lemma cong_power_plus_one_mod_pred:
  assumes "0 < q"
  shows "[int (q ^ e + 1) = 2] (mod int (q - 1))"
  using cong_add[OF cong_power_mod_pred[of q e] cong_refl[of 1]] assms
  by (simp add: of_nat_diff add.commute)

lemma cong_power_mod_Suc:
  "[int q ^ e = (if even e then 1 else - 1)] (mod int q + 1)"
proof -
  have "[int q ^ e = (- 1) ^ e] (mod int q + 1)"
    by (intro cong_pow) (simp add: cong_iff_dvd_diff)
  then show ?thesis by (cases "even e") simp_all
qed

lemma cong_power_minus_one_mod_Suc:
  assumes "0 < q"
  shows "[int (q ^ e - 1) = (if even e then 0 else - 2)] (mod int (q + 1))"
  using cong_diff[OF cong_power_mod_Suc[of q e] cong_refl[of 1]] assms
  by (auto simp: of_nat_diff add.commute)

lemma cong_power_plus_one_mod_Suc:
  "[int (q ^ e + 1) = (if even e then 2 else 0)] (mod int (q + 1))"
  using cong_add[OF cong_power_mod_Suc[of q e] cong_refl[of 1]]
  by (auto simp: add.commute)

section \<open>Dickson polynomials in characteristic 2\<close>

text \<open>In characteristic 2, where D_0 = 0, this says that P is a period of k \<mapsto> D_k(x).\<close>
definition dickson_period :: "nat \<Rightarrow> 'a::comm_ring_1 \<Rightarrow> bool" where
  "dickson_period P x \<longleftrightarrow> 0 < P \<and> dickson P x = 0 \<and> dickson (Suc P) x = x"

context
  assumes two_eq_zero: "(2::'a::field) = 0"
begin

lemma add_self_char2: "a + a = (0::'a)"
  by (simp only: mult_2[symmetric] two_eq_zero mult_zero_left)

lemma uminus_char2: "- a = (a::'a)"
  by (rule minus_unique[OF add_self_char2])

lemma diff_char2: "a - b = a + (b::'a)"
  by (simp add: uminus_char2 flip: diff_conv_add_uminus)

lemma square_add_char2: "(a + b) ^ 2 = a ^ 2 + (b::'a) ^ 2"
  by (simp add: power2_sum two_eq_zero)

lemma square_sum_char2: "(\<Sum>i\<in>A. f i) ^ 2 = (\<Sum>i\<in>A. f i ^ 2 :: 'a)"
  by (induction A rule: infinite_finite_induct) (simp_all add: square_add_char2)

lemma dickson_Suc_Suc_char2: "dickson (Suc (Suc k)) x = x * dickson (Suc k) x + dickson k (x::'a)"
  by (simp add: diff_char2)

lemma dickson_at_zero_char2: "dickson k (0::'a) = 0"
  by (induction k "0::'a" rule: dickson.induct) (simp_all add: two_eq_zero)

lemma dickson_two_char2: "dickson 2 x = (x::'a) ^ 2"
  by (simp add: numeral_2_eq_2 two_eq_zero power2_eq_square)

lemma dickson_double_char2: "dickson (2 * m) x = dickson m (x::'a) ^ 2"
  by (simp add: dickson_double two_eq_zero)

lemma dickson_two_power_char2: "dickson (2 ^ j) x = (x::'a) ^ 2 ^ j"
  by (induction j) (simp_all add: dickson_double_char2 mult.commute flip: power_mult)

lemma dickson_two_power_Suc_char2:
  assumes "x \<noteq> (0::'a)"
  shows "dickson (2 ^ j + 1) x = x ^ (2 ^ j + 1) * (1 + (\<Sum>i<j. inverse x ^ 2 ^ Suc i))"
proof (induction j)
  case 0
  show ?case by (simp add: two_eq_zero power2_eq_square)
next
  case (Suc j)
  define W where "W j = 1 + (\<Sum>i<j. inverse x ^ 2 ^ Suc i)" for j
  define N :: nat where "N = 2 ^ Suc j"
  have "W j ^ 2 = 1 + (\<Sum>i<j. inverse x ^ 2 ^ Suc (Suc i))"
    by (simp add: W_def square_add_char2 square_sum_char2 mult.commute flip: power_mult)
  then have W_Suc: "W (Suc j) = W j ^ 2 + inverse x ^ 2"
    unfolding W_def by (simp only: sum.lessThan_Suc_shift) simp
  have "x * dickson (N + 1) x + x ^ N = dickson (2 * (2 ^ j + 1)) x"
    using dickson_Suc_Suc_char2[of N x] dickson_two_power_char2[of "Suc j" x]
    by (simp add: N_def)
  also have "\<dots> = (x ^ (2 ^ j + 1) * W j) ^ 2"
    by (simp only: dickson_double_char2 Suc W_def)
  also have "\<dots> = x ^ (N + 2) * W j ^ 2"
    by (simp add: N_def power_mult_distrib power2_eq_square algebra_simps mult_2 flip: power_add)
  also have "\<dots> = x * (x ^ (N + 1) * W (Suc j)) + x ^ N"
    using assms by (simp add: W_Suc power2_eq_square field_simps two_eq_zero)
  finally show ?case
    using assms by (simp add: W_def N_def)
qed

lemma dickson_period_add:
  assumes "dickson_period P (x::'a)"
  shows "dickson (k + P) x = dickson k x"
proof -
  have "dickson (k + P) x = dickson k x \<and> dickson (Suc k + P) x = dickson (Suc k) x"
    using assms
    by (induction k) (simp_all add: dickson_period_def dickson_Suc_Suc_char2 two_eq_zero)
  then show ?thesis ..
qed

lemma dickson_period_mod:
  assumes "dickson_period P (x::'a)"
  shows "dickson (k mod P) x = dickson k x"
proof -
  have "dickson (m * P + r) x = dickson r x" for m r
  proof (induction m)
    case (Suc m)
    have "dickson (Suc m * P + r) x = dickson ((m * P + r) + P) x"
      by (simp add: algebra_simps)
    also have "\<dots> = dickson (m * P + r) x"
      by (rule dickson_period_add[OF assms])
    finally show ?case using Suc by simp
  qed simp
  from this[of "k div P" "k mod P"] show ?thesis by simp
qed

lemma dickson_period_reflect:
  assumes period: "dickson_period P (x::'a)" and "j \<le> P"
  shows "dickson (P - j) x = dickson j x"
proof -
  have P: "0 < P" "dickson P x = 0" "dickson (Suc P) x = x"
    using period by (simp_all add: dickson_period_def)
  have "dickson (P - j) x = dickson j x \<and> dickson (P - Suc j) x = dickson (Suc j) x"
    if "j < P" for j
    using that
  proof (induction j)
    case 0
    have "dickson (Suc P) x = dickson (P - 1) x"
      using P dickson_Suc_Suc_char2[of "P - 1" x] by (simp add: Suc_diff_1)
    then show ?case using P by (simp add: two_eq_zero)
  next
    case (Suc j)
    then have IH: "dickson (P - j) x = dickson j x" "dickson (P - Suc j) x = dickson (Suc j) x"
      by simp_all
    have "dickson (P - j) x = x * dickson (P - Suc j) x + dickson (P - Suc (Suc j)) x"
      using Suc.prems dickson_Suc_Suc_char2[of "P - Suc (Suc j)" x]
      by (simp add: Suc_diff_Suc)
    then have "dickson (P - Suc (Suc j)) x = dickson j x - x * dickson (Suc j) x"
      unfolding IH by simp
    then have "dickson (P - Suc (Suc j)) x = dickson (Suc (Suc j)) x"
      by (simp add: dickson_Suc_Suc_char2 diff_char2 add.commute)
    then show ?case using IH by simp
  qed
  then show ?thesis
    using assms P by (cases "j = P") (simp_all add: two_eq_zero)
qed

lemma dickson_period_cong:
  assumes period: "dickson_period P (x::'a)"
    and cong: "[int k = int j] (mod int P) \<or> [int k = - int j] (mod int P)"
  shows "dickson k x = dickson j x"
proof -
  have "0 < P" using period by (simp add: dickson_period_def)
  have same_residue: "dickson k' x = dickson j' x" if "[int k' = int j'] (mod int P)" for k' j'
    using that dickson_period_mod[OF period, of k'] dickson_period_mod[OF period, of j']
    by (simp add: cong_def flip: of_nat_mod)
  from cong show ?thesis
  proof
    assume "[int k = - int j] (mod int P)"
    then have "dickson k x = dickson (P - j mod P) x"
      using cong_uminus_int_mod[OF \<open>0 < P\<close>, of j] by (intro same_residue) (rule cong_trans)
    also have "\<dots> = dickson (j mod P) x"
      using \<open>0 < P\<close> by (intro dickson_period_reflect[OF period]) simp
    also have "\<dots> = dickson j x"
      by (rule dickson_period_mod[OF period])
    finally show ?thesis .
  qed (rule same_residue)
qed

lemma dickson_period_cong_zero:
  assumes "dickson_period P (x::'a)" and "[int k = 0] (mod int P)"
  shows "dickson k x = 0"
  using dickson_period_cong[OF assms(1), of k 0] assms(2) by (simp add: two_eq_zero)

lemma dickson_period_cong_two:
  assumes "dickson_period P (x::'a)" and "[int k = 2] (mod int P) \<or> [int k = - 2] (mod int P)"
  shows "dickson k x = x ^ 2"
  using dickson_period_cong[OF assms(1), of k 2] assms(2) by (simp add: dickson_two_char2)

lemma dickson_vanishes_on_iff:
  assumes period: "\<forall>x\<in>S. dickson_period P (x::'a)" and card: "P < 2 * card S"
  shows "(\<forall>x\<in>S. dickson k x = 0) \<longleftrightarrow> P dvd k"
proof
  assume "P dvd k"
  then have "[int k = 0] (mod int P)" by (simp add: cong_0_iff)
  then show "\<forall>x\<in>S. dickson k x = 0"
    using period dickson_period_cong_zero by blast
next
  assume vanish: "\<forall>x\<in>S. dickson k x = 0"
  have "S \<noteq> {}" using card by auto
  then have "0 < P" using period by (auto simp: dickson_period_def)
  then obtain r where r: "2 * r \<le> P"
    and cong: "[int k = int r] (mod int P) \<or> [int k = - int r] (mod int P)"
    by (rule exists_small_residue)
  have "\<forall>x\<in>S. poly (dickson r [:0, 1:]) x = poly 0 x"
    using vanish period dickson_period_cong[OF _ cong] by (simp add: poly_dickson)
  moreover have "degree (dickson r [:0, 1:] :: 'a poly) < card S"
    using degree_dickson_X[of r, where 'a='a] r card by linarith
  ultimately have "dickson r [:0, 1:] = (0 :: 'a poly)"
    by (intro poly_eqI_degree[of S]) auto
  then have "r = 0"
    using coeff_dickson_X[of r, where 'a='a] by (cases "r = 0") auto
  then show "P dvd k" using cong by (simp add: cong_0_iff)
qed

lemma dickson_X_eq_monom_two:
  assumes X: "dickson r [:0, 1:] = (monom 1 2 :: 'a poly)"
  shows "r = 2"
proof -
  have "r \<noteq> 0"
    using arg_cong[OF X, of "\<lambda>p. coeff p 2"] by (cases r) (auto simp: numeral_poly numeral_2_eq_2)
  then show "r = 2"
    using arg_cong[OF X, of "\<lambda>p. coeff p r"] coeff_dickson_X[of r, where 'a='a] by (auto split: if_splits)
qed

* * *

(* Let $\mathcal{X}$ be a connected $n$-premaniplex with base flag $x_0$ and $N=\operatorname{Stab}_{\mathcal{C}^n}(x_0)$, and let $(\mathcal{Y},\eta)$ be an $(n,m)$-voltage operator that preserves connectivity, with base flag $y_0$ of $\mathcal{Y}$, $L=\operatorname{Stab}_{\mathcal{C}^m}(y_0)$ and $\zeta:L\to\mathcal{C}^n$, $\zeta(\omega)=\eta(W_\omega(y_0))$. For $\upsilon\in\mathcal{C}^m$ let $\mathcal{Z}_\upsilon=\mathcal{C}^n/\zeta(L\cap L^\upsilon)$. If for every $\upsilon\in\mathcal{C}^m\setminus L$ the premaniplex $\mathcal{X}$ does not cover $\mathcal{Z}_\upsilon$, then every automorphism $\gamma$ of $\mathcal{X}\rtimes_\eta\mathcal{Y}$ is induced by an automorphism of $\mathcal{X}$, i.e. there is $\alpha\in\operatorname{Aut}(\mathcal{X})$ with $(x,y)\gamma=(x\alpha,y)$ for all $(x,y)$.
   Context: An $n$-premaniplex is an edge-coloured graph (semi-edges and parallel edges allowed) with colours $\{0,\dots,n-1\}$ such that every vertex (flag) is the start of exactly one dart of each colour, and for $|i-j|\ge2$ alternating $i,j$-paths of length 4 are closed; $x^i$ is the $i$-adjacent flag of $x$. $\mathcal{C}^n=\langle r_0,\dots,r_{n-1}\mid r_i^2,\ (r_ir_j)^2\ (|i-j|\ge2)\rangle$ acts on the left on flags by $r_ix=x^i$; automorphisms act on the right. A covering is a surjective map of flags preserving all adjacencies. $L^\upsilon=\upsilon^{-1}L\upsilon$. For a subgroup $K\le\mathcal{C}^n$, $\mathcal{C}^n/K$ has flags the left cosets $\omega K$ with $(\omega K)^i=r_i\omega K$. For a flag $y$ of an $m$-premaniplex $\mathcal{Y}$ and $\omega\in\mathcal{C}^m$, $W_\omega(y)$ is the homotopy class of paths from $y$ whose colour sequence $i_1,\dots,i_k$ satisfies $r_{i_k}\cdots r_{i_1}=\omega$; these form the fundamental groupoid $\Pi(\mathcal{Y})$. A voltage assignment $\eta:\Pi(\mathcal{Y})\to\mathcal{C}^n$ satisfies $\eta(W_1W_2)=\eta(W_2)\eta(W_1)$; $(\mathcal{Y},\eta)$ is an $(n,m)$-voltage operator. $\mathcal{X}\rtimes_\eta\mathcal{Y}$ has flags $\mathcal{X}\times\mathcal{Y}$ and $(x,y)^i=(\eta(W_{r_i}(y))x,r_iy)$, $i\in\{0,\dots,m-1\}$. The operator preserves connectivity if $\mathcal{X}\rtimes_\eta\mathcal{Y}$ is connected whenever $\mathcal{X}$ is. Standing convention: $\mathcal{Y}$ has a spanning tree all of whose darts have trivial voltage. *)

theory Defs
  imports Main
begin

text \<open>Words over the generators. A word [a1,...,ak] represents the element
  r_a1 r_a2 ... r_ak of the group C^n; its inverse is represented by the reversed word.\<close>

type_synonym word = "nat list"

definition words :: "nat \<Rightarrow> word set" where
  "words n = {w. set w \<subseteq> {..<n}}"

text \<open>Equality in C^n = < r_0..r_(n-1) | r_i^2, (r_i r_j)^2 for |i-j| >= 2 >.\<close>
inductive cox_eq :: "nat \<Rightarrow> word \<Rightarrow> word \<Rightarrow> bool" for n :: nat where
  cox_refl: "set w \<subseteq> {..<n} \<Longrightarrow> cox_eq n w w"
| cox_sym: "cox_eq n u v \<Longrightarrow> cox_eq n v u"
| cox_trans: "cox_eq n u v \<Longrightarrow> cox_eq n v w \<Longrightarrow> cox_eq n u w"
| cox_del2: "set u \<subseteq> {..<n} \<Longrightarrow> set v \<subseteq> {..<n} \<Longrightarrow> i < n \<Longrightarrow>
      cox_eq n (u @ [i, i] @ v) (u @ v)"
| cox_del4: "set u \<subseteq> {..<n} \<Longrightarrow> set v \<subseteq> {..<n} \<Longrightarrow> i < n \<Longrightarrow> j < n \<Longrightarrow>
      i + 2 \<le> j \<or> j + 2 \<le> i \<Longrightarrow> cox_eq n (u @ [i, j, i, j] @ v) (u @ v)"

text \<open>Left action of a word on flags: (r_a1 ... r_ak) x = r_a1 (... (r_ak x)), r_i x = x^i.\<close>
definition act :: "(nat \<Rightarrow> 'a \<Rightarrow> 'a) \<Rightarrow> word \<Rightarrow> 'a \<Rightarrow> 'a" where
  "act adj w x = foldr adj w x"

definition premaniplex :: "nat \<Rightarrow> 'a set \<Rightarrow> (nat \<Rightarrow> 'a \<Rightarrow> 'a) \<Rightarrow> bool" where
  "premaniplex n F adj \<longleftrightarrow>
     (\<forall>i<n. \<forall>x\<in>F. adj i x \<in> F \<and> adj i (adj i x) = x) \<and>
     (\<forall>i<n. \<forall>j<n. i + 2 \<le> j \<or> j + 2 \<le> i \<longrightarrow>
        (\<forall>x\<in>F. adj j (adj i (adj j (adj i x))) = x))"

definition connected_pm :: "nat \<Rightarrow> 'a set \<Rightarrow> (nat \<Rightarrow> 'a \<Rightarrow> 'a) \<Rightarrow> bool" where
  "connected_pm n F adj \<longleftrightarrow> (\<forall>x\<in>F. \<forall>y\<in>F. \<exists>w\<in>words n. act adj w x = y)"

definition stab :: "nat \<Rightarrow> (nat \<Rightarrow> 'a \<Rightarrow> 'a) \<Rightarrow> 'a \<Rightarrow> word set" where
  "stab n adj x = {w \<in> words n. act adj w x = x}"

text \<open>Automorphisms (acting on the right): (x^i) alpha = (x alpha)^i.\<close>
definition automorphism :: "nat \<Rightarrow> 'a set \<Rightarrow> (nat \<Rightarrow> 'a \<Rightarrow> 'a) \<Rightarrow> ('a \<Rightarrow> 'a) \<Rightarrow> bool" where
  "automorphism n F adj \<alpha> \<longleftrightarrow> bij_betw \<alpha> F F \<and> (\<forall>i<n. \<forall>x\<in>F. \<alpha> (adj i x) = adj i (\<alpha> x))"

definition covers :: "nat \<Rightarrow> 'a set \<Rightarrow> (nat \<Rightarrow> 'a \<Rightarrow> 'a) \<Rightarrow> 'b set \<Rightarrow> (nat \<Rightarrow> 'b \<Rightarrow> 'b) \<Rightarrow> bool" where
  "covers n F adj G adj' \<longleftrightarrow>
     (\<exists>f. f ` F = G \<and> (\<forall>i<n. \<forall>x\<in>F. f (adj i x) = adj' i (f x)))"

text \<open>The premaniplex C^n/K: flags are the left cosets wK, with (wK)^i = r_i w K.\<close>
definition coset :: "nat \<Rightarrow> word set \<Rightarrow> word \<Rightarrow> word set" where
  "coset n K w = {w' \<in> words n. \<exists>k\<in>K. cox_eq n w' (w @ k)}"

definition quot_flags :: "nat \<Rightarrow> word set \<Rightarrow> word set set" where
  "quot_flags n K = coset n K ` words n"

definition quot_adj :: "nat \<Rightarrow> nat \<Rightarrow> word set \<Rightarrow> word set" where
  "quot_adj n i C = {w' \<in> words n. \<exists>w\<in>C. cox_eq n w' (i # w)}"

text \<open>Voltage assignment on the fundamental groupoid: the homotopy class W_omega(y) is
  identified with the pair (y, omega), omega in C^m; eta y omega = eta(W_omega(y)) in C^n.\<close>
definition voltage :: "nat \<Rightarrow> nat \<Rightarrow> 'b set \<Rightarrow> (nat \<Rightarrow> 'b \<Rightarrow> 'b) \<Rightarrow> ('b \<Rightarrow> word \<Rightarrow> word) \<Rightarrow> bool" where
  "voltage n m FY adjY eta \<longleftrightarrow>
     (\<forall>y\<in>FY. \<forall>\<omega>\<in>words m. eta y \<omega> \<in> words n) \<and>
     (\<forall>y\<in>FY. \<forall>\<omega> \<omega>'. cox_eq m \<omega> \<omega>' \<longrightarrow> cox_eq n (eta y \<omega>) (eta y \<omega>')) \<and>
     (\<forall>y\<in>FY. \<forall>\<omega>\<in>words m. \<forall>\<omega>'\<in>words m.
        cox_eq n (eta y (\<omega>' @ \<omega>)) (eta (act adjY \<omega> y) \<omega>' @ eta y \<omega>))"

--- About this exercise ---
Among the lines above, repeat exactly those from the line with "define N :: nat" to the line with "2 + inverse", counting both ends.

--- Finished exercise ---
  define N :: nat where "N = 2 ^ Suc j"
  have "W j ^ 2 = 1 + (\<Sum>i<j. inverse x ^ 2 ^ Suc (Suc i))"
    by (simp add: W_def square_add_char2 square_sum_char2 mult.commute flip: power_mult)
  then have W_Suc: "W (Suc j) = W j ^ 2 + inverse x ^ 2"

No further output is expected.